Should Mass. politicians hail from the Commonwealth?


( -- Many Massachusetts leaders are not actually from the Commonwealth. From the governor to the Senate, most aren't even New England natives.

Governor Deval Patrick hails from Chicago. Senators Elizabeth Warren and William "Mo" Cowan are from Oklahoma and North Carolina respectively. Gabriel Gomez, who just announced he will run for the state's special election Senate seat is from Los Angeles.

Massachusetts residents are torn about whether or not it matters for those running the state government to be from here.

"They should have their roots here," Rocco Leo, a Woburn business owner said. "I think they should know the area, know the people from the area. I think it really makes a big difference."

Woburn resident Jesse Katsopolis agreed saying, "The voters would appreciate someone from Massachusetts." He says it gives them more credibility.

Still, others believe it doesn't matter as long as they do the right thing and are good at their job.

Despite where they're from, many politicians try hard to prove they know what it's like to be a Massachusetts native.

Former Senator Scott Brown tried to capitalize on his born and bred roots, even putting out a video titled, "He's One of Us." Warren beat him handedly by eight points.

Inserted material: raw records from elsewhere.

text \<open>Radius of the (N-2)-sphere {\<phi>. \<Sum>\<phi> = mN, \<Sum>\<phi>^2 = \<rho>N} around its centre (m,...,m).\<close>
definition mc_radius :: "'n::finite itself \<Rightarrow> real \<Rightarrow> real \<Rightarrow> real" where
  "mc_radius _ m \<rho> = sqrt (real CARD('n) * (\<rho> - m\<^sup>2))"

text \<open>Solid cylinder: the (punctured) (N-1)-dimensional ball bounded by the sphere inside the
  hyperplane, thickened by a fixed height in the direction of (1,...,1).  Its N-dimensional
  Lebesgue measure restricted to cones over subsets of the sphere is proportional to the
  (N-1)-dimensional volume of those cones, i.e. to the cone measure.\<close>
definition mc_cylinder :: "real \<Rightarrow> real \<Rightarrow> (real ^ 'n::finite) set" where
  "mc_cylinder m \<rho> = {\<phi>. m * real CARD('n) \<le> field_sum \<phi> \<and> field_sum \<phi> \<le> m * real CARD('n) + 1 \<and>
      0 < norm (hyp_proj m \<phi> - const_field m) \<and>
      norm (hyp_proj m \<phi> - const_field m) \<le> mc_radius TYPE('n) m \<rho>}"

definition mc_radial :: "real \<Rightarrow> real \<Rightarrow> real ^ 'n::finite \<Rightarrow> real ^ 'n" where
  "mc_radial m \<rho> \<phi> = const_field m +
     (mc_radius TYPE('n) m \<rho> / norm (hyp_proj m \<phi> - const_field m)) *\<^sub>R (hyp_proj m \<phi> - const_field m)"

text \<open>Auxiliary microcanonical ensemble: normalized uniform surface measure on the (N-2)-sphere,
  realised as the (normalized) cone measure = image of the uniform measure on the solid
  cylinder under the radial projection.\<close>
definition mu_MC :: "real \<Rightarrow> real \<Rightarrow> (real ^ 'n::finite) measure" where
  "mu_MC m \<rho> = distr (uniform_measure lborel (mc_cylinder m \<rho>)) borel (mc_radial m \<rho>)"

definition couplings :: "('a::topological_space) measure \<Rightarrow> ('a::topological_space) measure \<Rightarrow> ('a \<times> 'a) measure set" where
  "couplings \<mu>1 \<mu>2 = {\<gamma>. sets \<gamma> = sets borel \<and> emeasure \<gamma> (space \<gamma>) = 1 \<and>
      distr \<gamma> borel fst = \<mu>1 \<and> distr \<gamma> borel snd = \<mu>2}"

definition w2_sq :: "(real ^ 'n::finite) measure \<Rightarrow> (real ^ 'n) measure \<Rightarrow> ennreal" where
  "w2_sq \<mu>1 \<mu>2 = (INF \<gamma>\<in>couplings \<mu>1 \<mu>2.
      \<integral>\<^sup>+ p. ennreal ((1 / real CARD('n)) * (\<Sum>i\<in>UNIV. \<bar>fst p $ i - snd p $ i\<bar>\<^sup>2)) \<partial>\<gamma>)"

definition w2 :: "(real ^ 'n::finite) measure \<Rightarrow> (real ^ 'n) measure \<Rightarrow> ennreal" where
  "w2 \<mu>1 \<mu>2 = (if w2_sq \<mu>1 \<mu>2 = \<infinity> then \<infinity> else ennreal (sqrt (enn2real (w2_sq \<mu>1 \<mu>2))))"

end

theory Submission
  imports Defs "HOL-Probability.Probability"
begin

text \<open>
  Let R and R' be the radii of the spheres carrying mu_MC m and mu_MC m', and c, c' the constant
  fields m, m'. The affine map that shifts by (m' - m)(1,...,1) and dilates the sum-zero
  hyperplane by R'/R carries the solid cylinder defining mu_MC m onto the one defining mu_MC m'.
  Being an affine bijection it maps uniform measure to uniform measure, and it intertwines the
  two radial projections with the similarity T x = c' + (R'/R)(x - c). Hence mu_MC m' is the
  image of mu_MC m under T, and x |-> (x, T x) is a coupling. On the sphere x - T x splits
  orthogonally into (m - m')(1,...,1) and a hyperplane vector of length |R - R'|, so the cost is
  (m - m')^2 + (s - s')^2 with s = sqrt (rho - m^2), and
  |s - s'| = |m - m'| |m + m'| / (s + s') <= 2 sqrt rho |m - m'| / s.
\<close>

section \<open>Lebesgue measure under affine bijections\<close>

text \<open>
  measure_linear_image gives the factor |det (matrix f)| only for well-ordered index types;
  for an arbitrary finite index type the existence of some factor is all that is needed.
\<close>

definition scales_measure_by :: "(real^'n::finite \<Rightarrow> real^'n) \<Rightarrow> real \<Rightarrow> bool" where
  "scales_measure_by f k \<longleftrightarrow>
     (\<forall>S\<in>lmeasurable. f ` S \<in> lmeasurable \<and> measure lebesgue (f ` S) = k * measure lebesgue S)"

lemma scales_measure_byD:
  assumes "scales_measure_by f k" "S \<in> lmeasurable"
  shows "f ` S \<in> lmeasurable" "measure lebesgue (f ` S) = k * measure lebesgue S"
  using assms unfolding scales_measure_by_def by blast+

lemma scales_measure_by_1_if_boxes:
  fixes f :: "real^'n::finite \<Rightarrow> real^'n"
  assumes "linear f" and "\<And>a b. measure lebesgue (f ` cbox a b) = measure lebesgue (cbox a b)"
  shows "scales_measure_by f 1"
  unfolding scales_measure_by_def
proof
  fix S :: "(real^'n) set"
  assume "S \<in> lmeasurable"
  moreover have "measure lebesgue (f ` cbox a b) = 1 * measure lebesgue (cbox a b)" for a b
    using assms(2) by simp
  ultimately show "f ` S \<in> lmeasurable \<and> measure lebesgue (f ` S) = 1 * measure lebesgue S"
    using measure_linear_sufficient[OF assms(1)] by (metis mult_1)
qed

lemma measure_swap_coordinates_cbox:
  fixes a b :: "real^'n::finite" and p q :: 'n
  shows "measure lebesgue ((\<lambda>v. \<chi> i. v $ Transposition.transpose p q i) ` cbox a b)
           = measure lebesgue (cbox a b)" (is "measure lebesgue (?h ` _) = _")
proof (cases "cbox a b = {}")
  case False
  have eq: "?h ` cbox a b = cbox (?h a) (?h b)"
    by (auto simp: image_iff lambda_swap_Galois mem_box_cart) (metis transpose_involutory)+
  have "?h ` cbox a b \<noteq> {}"
    using False by blast
  then show ?thesis
    using prod.permute[OF permutes_swap_id, where S=UNIV and g="\<lambda>i. (b - a) $ i", symmetric]
    by (simp add: eq content_cbox_cart False)
qed simp

lemma measure_shear_cbox:
  fixes a b :: "real^'n::finite" and p q :: 'n
  defines "h \<equiv> \<lambda>v::real^'n. \<chi> i. if i = p then v $ p + v $ q else v $ i"
  assumes "p \<noteq> q"
  shows "measure lebesgue (h ` cbox a b) = measure lebesgue (cbox a b)"
proof (cases "cbox a b = {}")
  case False
  have lin: "linear h"
    unfolding h_def by (rule linearI) (auto simp: vec_eq_iff algebra_simps)
  \<comment> \<open>measure_shear_interval needs a nonnegative q-th lower corner, so translate the box first.\<close>
  define v :: "real^'n" where "v = (\<chi> i. if i = q then - a $ q else 0)"
  have "h ` cbox a b = (+) (- h v) ` h ` cbox (v + a) (v + b)"
    by (simp add: cbox_translation image_image linear_add[OF lin] cong: image_cong_simp)
  then have "measure lebesgue (h ` cbox a b) = measure lebesgue (h ` cbox (v + a) (v + b))"
    by (metis measure_translation)
  also have "\<dots> = measure lebesgue (cbox (v + a) (v + b))"
    unfolding h_def using assms False
    by (intro measure_shear_interval) (auto simp: v_def cbox_translation)
  also have "\<dots> = measure lebesgue (cbox a b)"
    by (simp add: cbox_translation measure_translation)
  finally show ?thesis .
qed simp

The changing population of the state could be one reason politicians don't need to have previously called Massachusetts home.

Jason Dyck, Associate Professor of political science at UMASS Lowell, says attributes like where a person is from, or what they sound like matter more in primaries instead of general elections.

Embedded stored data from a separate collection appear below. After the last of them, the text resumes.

theorem corollary1:
  fixes T k :: nat and \<sigma> :: real
    and g :: "nat \<Rightarrow> nat \<Rightarrow> real \<Rightarrow> real"
    and v :: "nat \<Rightarrow> nat \<Rightarrow> real"
  assumes "T \<ge> 1" and "k \<ge> 1" and "\<sigma> \<ge> 1"
    and dens: "\<forall>t\<in>{1..T}. \<forall>i\<in>{1..<k}.
         g t i \<in> borel_measurable borel \<and>
         (\<forall>x. 0 \<le> g t i x \<and> g t i x \<le> \<sigma>) \<and>
         (\<forall>x. x \<notin> {0<..<1} \<longrightarrow> g t i x = 0) \<and>
         prob_space (density lborel (\<lambda>x. ennreal (g t i x)))"
    and vals: "\<forall>t\<in>{1..T}. \<forall>i\<in>{1..k}. 0 \<le> v t i \<and> v t i \<le> 1"
  shows "(\<integral>a. (\<integral>xs. regret T k v a xs \<partial>(alg_measure (eta k T \<sigma>) k v T a))
            \<partial>(nature_measure T k g))
         \<le> 2 * sqrt ((exp 1 - 2) * ln (real k ^ 2 * real T ^ 3 * \<sigma>) * real T) + 1"
proof -
  define \<eta> where "\<eta> = eta k T \<sigma>"
  have dens: "\<forall>t\<in>{1..T}. \<forall>i\<in>{1..<k}. bounded_density \<sigma> (g t i)"
    using dens unfolding bounded_density_def .
  show ?thesis
  proof (cases "0 < \<eta> \<and> \<eta> \<le> 1")
    case True
    then have "(\<integral>a. (\<integral>xs. regret T k v a xs \<partial>alg_measure \<eta> k v T a) \<partial>nature_measure T k g)
        \<le> (ln (real k ^ 2 * real T ^ 3 * \<sigma>) + (exp 1 - 2) * \<eta>\<^sup>2 * T) / \<eta> + 1"
      using True by (intro expected_regret_le_learning_rate[OF assms(1-3) dens _ _ vals]) auto
    also have "(ln (real k ^ 2 * real T ^ 3 * \<sigma>) + (exp 1 - 2) * \<eta>\<^sup>2 * T) / \<eta>
        = 2 * sqrt ((exp 1 - 2) * ln (real k ^ 2 * real T ^ 3 * \<sigma>) * real T)"
      using True exp_1_minus_2_ge_half \<open>1 \<le> T\<close> by (intro learning_rate_tuned) (auto simp: \<eta>_def eta_def)
    finally show ?thesis unfolding \<eta>_def .
  next
    case False
    have "(\<integral>xs. regret T k v a xs \<partial>alg_measure (eta k T \<sigma>) k v T a) \<le> T" for a
      by (rule expected_regret_le_T[OF \<open>1 \<le> k\<close> vals eta_nonneg[OF assms(1-3)]])
    moreover have "real T \<le> 2 * sqrt ((exp 1 - 2) * ln (real k ^ 2 * real T ^ 3 * \<sigma>) * real T) + 1"
      using regret_bound_ge_T_if_rate_out_of_range[OF assms(1-3)] False unfolding \<eta>_def .
    moreover note prob_space_nature_measure[OF assms(1-3) dens]
    ultimately show ?thesis
      by (intro prob_space.integral_le_const_nonneg[of "nature_measure T k g"]) (auto intro: order_trans)
  qed
qed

"There are a lot of people that come to Massachusetts," he said. "Boston is an intellectual hub in the country, and I think because of that we maybe have a little bit less sense of place here than maybe we thought existed here 20, 30 or 40 years ago."

In the race for John Kerry's Senate seat, both Congressman Stephen Lynch and Ed Markey are battling it out for the Democratic primary. The Republican field is still shaping up, but so far it includes State Rep. Dan Winslow and Cohasset businessman Gabriel Gomez.